Telle paraît donc être l’idée que les paragraphes évangéliques ici mentionnés veulent donner de l’origine de la vie de Jésus ; néanmoins, de graves difficultés ne permettent guère de la suivre jusqu’au bout. Nous pouvons distinguer les difficultés, que nous appellerons physico-théologiques, de celles qui naissent de l’exégèse historique.

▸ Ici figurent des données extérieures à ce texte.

lemma triangulation_edge_avoids_points:
  assumes "triangulation P T" "{p, q} \<in> edges T" "v \<in> P"
  shows "v \<notin> open_segment p q"
proof
  assume v: "v \<in> open_segment p q"
  obtain t where t: "t \<in> T" "{p, q} \<subseteq> t" using assms(2) unfolding edges_def by auto
  have ind: "\<not> affine_dependent t" using assms(1) t(1) unfolding triangulation_def by auto
  have v_hull: "v \<in> convex hull {p, q}" using v open_closed_segment segment_convex_hull by blast
  moreover have "convex hull {p, q} \<subseteq> convex hull t" using t(2) by (simp add: hull_mono)
  ultimately have "v \<in> t" using triangulation_point_in_triangle[OF assms(1) t(1) assms(3)] by blast
  then have "v \<in> {p, q}" using affine_independent_hull_vertex[OF ind, of v "{p, q}"] t(2) v_hull by auto
  then show False using v by (auto simp: open_segment_def)
qed

text \<open>In these definitions every edge crosses itself, so the conclusion is equality.\<close>

lemma triangulation_edges_cross_eq:
  assumes "triangulation P T" "e1 \<in> edges T" "e2 \<in> edges T" "crosses e1 e2"
  shows "e1 = e2"
proof -
  obtain t where t: "t \<in> T" "e1 \<subseteq> t" "card e1 = 2" using assms(2) unfolding edges_def by auto
  obtain s where s: "s \<in> T" "e2 \<subseteq> s" "card e2 = 2" using assms(3) unfolding edges_def by auto
  obtain a b c d z where e: "e1 = {a,b}" "e2 = {c,d}" "z \<in> open_segment a b" "z \<in> open_segment c d"
    using assms(4) unfolding crosses_def by blast
  have indt: "\<not> affine_dependent t" and inds: "\<not> affine_dependent s"
    and I: "convex hull t \<inter> convex hull s = convex hull (t \<inter> s)"
    using assms(1) t(1) s(1) unfolding triangulation_def by auto
  have zab: "z \<in> convex hull {a,b}" using e(3) open_closed_segment segment_convex_hull by blast
  have zcd: "z \<in> convex hull {c,d}" using e(4) open_closed_segment segment_convex_hull by blast
  have "convex hull {a,b} \<subseteq> convex hull t" "convex hull {c,d} \<subseteq> convex hull s"
    using e(1,2) t(2) s(2) by (simp_all add: hull_mono)
  then have zts: "z \<in> convex hull (t \<inter> s)" using zab zcd I by blast
  have at: "a \<in> convex hull t" "b \<in> convex hull t" using e(1) t(2) by (auto intro: hull_inc)
  have cs: "c \<in> convex hull s" "d \<in> convex hull s" using e(2) s(2) by (auto intro: hull_inc)
  have "a \<in> convex hull (t \<inter> s)" "b \<in> convex hull (t \<inter> s)"
    using open_segment_in_simplex_face[OF indt _ at e(3) zts] by auto
  then have ab: "a \<in> t \<inter> s" "b \<in> t \<inter> s"
    using affine_independent_hull_vertex[OF indt, of _ "t \<inter> s"] e(1) t(2) by auto
  have "c \<in> convex hull (t \<inter> s)" "d \<in> convex hull (t \<inter> s)"
    using open_segment_in_simplex_face[OF inds _ cs e(4) zts] by auto
  then have cd: "c \<in> t" "d \<in> t"
    using affine_independent_hull_vertex[OF inds, of _ "t \<inter> s"] e(2) s(2) by auto
  have ct: "c \<in> convex hull t" "d \<in> convex hull t" using cd by (auto intro: hull_inc)
  have "c \<in> convex hull {a,b}" "d \<in> convex hull {a,b}"
    using open_segment_in_simplex_face[OF indt _ ct e(4) zab] ab by auto
  then have "c \<in> {a,b}" "d \<in> {a,b}"
    using affine_independent_hull_vertex[OF indt, of _ "{a,b}"] cd ab by auto
  then have "e2 \<subseteq> e1" using e by auto
  moreover have "finite e1" using t(3) card.infinite by fastforce
  ultimately show ?thesis using card_subset_eq[of e1 e2] t(3) s(3) by simp
qed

Les difficultés physiologiques concourent à ce point : qu’une pareille naissance serait la plus extraordinaire déviation de toute loi naturelle. Autant la physiologie est incertaine sur les particularités du comment, autant il est sûr par une expérience sans exception que, par le seul concours de deux organismes humains de sexe différent, une vie humaine est produite. Aussi y aura-t-il toujours à faire valoir ici la phrase de Plutarque : Jamais femme n’est dite avoir eu un enfant sans le concours d’un homme[1], et à appliquer l’impossible de Cérinthe[2]. Ce n’est que dans les espèces les plus inférieures du règne animal que l’on connaît une propagation sans intervention sexuelle[3] ; et, la chose étant considérée uniquement au point de vue physiologique, on pourrait dire d’un homme né sans le concours des sexes, ce qu’Origène a dit dans le sens du plus haut supranaturalisme[4], que les mots du psaume 22, 7 : Je suis un ver et non un homme, sont une prophétie de la naissance de Jésus, en tant qu’engendré, comme ces êtres inférieurs, sans un concours sexuel. Mais à la considération purement physiologique, l’ange, dans Luc, ajoute déjà la considération théologique, à savoir (1, 37), que rien n’est impossible

  1. Παιδίον οὐδεμία ποτὲ γυνὴ λέγεται ποιῆσαι δίχα κοινωνίας ἀνδρός. Conjugial. præcept. Opp. ed. Hutten, vol. 7, p. 428.
  2. Irenæus adv. Hær., 1, 26 : Cerinthus Jesum subjecit non ex virgine natum, impossibile enim hoc ei visum est.
  3. C’est pourtant ce qui a été fait dans Henke’s neues Magazin, 3, 3, S. 369, Anmerk.
  4. Homil. in Lucam, 14. Quant à ceux qui font valoir que les premiers hommes aussi sont nés sans le concours des sexes, voyez mes Écrits polémiques, 1, 2, S. 72.